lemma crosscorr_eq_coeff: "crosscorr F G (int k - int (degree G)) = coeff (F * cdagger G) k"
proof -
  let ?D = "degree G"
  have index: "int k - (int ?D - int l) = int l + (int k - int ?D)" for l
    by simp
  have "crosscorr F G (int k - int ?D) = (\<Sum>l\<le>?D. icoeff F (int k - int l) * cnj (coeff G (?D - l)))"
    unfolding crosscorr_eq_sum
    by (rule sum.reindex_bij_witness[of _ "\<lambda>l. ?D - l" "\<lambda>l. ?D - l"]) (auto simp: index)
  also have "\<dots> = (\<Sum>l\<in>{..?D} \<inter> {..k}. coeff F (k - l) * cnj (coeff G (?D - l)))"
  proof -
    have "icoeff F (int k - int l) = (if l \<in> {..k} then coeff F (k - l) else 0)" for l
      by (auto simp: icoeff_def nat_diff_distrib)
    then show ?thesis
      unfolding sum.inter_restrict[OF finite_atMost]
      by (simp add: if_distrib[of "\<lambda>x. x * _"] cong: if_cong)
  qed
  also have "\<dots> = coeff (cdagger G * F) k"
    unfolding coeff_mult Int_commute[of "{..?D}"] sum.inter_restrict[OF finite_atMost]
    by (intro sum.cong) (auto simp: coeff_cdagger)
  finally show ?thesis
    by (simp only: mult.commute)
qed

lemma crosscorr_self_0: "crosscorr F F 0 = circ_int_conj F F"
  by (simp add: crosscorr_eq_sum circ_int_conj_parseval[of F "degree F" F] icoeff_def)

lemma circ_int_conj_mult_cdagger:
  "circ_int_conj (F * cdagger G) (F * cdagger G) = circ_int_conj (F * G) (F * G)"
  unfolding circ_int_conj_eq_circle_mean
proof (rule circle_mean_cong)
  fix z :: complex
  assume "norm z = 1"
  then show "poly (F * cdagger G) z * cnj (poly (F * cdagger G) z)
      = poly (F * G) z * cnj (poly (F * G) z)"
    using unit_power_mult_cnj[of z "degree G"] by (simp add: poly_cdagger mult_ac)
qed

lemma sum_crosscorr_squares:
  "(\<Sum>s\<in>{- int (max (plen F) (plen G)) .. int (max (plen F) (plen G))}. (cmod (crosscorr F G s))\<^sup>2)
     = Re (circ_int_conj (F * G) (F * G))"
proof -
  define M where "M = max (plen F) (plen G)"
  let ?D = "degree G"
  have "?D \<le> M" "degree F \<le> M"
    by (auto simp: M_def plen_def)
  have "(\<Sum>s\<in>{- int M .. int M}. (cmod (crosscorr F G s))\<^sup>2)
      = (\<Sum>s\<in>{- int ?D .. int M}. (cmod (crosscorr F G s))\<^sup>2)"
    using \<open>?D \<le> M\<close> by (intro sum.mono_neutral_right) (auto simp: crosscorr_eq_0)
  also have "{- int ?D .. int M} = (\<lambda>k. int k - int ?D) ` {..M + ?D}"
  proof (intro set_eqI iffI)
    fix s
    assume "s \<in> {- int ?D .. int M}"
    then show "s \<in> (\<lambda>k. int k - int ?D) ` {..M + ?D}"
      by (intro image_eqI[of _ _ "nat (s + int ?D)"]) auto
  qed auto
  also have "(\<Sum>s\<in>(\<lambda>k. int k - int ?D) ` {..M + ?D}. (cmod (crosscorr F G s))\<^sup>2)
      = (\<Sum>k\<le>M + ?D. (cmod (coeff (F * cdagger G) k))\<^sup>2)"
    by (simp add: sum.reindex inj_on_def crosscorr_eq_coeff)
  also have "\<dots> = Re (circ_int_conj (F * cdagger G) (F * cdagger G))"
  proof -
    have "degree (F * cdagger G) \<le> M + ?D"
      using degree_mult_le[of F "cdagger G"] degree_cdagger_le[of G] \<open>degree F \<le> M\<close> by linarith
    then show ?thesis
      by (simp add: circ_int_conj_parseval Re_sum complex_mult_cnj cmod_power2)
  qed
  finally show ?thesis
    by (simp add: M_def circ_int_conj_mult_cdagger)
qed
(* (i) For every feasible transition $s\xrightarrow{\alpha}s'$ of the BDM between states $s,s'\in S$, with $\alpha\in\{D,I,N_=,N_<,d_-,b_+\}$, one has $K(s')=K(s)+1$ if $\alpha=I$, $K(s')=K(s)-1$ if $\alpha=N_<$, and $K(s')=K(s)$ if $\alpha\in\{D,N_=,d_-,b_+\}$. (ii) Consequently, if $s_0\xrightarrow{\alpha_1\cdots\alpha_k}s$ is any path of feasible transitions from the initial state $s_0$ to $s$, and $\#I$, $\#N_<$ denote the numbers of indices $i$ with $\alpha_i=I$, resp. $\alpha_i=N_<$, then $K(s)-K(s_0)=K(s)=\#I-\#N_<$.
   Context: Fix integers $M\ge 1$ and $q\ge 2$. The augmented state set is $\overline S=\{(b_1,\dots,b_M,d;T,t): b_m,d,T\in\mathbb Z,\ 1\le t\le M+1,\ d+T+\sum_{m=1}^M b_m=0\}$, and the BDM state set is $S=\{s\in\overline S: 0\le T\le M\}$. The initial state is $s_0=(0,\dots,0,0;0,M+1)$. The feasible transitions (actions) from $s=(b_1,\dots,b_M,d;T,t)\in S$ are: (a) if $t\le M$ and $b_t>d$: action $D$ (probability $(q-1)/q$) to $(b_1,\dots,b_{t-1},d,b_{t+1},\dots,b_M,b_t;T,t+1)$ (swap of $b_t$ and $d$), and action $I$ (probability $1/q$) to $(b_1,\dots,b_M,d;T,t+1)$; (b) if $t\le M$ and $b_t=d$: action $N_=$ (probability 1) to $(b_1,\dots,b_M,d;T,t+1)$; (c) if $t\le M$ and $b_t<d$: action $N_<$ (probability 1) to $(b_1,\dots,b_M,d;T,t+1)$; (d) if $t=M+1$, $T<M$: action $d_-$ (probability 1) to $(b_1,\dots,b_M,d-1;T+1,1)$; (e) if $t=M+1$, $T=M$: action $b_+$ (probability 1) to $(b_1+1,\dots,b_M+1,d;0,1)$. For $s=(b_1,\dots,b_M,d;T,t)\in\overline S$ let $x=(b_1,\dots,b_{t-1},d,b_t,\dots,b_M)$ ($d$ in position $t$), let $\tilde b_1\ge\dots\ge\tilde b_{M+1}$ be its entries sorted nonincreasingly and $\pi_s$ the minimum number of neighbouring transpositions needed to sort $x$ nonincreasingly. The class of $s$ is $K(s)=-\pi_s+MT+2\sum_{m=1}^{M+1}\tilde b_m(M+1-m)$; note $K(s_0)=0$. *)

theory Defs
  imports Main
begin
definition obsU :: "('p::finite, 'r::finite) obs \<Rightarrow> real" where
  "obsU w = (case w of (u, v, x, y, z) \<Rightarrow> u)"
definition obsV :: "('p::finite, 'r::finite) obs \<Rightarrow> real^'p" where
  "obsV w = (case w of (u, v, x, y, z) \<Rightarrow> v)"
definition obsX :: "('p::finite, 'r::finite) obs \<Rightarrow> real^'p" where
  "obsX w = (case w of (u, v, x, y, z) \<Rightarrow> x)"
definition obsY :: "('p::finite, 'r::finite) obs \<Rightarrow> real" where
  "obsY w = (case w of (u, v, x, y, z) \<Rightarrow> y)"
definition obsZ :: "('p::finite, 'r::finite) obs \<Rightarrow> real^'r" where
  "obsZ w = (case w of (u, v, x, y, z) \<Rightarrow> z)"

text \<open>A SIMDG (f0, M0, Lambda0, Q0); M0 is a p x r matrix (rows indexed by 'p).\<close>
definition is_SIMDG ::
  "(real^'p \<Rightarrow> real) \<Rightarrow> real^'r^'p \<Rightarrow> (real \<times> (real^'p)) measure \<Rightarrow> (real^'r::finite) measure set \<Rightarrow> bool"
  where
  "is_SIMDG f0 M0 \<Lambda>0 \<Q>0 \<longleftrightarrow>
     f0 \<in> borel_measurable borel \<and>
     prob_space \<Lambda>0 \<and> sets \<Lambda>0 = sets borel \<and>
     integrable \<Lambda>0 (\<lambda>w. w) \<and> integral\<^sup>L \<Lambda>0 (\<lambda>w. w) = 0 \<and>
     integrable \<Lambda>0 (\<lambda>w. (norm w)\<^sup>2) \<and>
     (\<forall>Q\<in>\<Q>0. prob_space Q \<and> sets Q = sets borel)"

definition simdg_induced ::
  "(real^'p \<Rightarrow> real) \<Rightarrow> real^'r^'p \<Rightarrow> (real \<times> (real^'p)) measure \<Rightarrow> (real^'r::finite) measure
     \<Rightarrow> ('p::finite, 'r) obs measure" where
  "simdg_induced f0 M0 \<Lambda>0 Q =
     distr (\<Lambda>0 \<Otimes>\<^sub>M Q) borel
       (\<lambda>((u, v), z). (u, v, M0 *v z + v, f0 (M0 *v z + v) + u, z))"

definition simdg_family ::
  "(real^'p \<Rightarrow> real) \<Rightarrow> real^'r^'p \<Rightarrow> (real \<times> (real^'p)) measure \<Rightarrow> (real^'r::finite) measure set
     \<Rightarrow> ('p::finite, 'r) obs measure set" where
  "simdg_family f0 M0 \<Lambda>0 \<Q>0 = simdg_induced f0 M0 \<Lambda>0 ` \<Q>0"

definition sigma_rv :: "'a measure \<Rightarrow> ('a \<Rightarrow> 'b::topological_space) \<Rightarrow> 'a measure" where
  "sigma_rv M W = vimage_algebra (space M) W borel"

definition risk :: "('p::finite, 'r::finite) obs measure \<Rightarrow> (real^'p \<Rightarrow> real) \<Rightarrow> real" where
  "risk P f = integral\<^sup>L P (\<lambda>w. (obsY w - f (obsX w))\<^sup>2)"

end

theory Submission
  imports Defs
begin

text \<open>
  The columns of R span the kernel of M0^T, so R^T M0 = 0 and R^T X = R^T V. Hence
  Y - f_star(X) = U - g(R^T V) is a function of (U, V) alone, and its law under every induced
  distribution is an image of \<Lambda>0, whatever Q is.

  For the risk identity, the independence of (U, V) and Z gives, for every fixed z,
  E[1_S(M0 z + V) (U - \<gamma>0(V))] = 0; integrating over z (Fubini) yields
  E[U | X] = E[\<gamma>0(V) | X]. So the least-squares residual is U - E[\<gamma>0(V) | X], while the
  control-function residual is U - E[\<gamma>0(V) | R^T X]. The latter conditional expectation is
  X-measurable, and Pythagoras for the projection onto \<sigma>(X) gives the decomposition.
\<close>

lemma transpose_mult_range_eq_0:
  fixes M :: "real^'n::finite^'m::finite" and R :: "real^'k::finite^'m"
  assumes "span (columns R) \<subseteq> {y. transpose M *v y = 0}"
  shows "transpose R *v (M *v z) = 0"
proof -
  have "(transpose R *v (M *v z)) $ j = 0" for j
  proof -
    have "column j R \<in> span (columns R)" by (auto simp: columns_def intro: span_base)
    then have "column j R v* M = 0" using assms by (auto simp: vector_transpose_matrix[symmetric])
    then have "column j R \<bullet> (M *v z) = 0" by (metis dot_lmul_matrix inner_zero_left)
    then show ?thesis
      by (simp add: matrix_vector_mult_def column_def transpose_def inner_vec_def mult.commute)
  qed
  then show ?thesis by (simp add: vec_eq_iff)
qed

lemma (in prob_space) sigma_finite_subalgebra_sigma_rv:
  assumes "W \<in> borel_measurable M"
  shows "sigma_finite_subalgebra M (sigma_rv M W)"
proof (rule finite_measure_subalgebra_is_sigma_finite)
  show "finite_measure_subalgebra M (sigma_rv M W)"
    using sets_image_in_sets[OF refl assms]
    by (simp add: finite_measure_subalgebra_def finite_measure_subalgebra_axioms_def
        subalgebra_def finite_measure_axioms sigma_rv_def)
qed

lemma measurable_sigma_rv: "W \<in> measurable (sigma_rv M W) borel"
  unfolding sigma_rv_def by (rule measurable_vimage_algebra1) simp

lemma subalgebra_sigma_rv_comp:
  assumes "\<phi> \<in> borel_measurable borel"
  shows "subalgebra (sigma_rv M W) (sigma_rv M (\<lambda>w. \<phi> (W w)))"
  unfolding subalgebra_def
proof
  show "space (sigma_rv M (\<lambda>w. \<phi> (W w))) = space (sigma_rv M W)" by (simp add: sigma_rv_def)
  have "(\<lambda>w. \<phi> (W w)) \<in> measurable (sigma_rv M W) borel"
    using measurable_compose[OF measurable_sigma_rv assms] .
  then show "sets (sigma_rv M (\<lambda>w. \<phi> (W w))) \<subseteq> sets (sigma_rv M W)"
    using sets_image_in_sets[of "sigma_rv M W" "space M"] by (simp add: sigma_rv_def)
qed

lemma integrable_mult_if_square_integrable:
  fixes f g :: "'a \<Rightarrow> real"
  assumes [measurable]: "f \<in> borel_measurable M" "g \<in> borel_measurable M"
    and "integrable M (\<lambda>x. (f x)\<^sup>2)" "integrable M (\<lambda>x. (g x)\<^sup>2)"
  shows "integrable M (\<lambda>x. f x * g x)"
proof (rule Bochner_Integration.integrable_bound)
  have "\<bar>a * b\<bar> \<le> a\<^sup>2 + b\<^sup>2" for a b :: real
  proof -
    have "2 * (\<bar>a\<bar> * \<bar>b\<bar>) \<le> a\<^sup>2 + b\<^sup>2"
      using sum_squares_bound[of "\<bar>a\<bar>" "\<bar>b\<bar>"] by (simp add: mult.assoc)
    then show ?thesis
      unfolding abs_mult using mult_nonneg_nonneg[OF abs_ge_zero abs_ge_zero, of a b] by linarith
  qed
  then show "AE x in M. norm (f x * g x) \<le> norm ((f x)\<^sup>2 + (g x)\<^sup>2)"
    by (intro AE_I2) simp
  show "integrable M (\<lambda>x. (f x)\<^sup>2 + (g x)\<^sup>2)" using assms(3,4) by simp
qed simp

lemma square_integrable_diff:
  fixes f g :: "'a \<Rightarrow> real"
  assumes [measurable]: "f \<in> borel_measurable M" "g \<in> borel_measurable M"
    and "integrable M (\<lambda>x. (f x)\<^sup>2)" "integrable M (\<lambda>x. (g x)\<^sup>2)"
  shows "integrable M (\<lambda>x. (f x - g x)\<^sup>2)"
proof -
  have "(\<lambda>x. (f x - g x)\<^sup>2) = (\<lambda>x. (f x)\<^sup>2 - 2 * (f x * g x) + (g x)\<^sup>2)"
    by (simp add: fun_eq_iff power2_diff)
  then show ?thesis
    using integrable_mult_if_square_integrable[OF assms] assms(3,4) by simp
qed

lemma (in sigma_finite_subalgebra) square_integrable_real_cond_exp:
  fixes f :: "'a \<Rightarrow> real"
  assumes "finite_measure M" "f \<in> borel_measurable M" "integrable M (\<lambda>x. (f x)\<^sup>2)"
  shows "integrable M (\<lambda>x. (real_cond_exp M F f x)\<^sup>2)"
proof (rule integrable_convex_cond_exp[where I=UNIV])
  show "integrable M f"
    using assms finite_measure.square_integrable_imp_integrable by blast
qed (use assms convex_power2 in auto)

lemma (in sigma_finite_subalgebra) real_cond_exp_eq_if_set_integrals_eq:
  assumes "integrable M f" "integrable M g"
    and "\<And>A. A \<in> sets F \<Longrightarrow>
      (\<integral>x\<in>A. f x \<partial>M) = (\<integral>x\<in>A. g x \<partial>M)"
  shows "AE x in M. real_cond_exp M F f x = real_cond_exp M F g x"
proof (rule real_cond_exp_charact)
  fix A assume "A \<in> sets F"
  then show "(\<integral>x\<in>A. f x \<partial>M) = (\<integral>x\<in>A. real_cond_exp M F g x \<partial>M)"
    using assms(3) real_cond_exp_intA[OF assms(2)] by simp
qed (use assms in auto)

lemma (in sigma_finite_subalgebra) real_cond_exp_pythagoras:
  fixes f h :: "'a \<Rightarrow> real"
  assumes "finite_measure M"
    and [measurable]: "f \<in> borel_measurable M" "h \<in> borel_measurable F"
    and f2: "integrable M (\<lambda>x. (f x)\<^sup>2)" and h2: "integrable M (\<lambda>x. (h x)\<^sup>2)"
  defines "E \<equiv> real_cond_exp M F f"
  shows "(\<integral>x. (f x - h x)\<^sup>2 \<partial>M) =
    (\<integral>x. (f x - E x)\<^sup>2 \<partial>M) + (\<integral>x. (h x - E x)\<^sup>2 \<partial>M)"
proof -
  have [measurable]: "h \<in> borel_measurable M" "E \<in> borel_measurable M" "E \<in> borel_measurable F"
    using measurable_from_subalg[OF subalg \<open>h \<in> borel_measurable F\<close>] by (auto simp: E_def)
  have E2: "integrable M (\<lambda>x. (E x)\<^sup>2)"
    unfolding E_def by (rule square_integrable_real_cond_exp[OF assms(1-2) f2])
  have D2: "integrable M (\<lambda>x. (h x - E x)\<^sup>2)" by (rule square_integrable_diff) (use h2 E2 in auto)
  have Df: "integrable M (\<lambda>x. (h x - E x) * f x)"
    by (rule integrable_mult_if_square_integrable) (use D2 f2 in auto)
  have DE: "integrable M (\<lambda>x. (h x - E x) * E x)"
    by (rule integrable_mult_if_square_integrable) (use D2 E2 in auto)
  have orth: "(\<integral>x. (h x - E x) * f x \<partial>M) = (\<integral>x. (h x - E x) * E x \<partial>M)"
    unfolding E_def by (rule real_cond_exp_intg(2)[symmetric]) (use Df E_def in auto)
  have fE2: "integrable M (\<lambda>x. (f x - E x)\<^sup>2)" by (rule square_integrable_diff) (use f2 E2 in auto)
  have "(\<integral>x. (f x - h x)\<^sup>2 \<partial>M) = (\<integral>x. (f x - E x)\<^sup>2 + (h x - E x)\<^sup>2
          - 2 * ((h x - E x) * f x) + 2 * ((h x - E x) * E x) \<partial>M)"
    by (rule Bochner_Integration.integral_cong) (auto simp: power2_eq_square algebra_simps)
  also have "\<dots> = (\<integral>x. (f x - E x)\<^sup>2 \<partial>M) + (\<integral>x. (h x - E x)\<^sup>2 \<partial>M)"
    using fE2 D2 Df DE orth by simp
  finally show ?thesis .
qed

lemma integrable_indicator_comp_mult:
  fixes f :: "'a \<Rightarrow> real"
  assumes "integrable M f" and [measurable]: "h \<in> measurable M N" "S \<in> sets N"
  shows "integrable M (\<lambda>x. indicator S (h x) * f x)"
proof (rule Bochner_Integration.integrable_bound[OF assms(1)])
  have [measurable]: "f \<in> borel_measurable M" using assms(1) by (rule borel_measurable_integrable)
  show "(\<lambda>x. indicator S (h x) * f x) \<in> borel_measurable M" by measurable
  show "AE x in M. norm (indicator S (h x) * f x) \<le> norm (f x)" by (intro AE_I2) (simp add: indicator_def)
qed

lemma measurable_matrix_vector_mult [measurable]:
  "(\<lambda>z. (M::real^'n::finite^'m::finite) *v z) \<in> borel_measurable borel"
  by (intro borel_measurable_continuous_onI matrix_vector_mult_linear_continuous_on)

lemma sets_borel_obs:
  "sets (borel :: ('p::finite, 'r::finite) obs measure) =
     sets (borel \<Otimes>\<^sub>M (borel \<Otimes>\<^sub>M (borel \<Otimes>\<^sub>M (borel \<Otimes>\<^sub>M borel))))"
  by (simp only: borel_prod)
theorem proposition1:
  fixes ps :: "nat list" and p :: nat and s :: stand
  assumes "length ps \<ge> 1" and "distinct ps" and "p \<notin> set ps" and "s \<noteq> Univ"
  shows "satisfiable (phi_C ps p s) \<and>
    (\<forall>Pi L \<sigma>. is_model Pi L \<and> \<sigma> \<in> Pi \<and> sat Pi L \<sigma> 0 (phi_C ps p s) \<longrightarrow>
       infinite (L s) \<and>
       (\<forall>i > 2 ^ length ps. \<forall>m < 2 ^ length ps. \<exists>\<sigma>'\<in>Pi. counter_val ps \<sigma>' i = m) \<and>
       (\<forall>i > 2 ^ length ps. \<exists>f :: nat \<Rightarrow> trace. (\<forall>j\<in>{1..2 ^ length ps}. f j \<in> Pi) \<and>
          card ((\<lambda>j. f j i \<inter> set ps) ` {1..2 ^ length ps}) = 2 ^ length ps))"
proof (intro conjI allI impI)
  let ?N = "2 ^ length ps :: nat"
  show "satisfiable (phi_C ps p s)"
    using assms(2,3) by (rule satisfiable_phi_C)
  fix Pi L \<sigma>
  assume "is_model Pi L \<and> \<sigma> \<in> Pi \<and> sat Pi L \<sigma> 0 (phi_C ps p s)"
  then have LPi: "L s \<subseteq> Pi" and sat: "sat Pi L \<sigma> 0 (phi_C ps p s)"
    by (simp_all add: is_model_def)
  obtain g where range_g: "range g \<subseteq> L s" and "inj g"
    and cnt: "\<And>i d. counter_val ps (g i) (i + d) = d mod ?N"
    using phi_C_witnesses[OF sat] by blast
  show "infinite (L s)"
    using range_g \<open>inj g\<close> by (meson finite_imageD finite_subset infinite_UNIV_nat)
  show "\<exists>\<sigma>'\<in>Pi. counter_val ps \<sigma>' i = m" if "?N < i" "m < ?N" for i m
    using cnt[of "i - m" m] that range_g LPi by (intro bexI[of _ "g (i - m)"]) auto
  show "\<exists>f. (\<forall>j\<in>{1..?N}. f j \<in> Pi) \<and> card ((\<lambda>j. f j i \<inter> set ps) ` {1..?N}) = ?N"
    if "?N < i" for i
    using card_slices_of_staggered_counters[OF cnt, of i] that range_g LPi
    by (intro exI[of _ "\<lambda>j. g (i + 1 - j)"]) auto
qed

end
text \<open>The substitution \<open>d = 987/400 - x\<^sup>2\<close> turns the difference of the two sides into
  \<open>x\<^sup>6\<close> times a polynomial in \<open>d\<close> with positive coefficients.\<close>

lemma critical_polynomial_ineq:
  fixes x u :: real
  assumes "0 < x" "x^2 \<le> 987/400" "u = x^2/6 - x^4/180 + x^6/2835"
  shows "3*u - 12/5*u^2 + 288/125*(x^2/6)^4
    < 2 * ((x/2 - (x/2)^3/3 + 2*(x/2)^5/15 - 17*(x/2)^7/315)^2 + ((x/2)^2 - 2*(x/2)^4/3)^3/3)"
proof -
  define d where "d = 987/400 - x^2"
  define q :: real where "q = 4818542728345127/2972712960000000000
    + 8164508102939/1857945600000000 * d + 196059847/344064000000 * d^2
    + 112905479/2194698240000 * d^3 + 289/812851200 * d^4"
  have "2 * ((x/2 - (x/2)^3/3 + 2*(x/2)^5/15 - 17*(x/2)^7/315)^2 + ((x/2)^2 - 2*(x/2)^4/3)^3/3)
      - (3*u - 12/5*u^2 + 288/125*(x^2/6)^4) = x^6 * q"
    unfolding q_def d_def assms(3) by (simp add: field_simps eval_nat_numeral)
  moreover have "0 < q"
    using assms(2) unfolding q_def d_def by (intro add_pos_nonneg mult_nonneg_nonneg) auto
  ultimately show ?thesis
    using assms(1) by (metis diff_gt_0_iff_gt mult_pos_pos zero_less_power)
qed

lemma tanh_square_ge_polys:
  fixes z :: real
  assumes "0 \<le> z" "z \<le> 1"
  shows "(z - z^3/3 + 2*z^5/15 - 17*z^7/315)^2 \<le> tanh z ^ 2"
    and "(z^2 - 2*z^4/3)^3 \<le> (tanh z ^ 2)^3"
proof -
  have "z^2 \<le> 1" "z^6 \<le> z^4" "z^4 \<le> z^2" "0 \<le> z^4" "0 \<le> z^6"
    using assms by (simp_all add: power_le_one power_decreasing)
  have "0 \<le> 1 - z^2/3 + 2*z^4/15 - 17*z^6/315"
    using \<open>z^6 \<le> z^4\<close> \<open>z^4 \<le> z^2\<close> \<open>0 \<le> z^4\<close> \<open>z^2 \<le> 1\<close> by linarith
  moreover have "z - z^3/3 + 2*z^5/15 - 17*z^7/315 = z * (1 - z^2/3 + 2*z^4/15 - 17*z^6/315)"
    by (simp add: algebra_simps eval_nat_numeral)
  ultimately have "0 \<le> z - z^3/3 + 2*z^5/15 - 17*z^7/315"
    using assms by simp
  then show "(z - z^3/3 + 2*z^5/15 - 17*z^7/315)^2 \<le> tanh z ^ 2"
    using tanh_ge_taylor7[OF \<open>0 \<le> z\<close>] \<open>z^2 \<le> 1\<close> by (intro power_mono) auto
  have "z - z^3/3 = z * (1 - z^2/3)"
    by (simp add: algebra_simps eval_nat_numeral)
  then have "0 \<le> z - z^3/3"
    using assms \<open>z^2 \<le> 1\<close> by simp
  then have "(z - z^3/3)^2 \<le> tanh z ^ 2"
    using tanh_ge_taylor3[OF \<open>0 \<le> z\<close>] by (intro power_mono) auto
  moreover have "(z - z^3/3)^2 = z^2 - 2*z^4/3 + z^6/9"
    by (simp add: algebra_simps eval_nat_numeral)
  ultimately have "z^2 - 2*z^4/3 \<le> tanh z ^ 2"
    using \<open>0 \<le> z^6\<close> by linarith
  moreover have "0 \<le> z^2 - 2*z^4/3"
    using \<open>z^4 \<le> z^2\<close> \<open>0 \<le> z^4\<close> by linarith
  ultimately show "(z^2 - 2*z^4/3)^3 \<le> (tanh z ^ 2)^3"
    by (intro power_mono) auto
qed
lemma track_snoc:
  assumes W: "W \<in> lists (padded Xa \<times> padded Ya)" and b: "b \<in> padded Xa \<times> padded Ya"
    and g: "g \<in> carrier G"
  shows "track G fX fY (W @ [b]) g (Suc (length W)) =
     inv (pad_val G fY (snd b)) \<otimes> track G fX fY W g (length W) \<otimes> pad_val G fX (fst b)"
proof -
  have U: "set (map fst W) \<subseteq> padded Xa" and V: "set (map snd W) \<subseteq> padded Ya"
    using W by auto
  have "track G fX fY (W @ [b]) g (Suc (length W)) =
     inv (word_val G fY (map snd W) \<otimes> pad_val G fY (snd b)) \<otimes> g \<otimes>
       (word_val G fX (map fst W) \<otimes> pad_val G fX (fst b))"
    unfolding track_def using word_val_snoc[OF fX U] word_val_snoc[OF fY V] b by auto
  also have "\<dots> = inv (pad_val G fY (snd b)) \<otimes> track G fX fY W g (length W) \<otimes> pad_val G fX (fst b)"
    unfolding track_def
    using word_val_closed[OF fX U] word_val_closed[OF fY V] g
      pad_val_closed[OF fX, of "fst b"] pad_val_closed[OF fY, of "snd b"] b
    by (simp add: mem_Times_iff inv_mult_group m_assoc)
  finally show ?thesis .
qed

****************************************

▸ YOUR ASSIGNMENT: From the records above, give again exactly the lines running from the line with "proof (intro set_eqI iffI)" to the line with "by (simp add: sum.reindex", inclusive.

▸ ANSWER:
  proof (intro set_eqI iffI)
    fix s
    assume "s \<in> {- int ?D .. int M}"
    then show "s \<in> (\<lambda>k. int k - int ?D) ` {..M + ?D}"
      by (intro image_eqI[of _ _ "nat (s + int ?D)"]) auto
  qed auto
  also have "(\<Sum>s\<in>(\<lambda>k. int k - int ?D) ` {..M + ?D}. (cmod (crosscorr F G s))\<^sup>2)
      = (\<Sum>k\<le>M + ?D. (cmod (coeff (F * cdagger G) k))\<^sup>2)"
    by (simp add: sum.reindex inj_on_def crosscorr_eq_coeff)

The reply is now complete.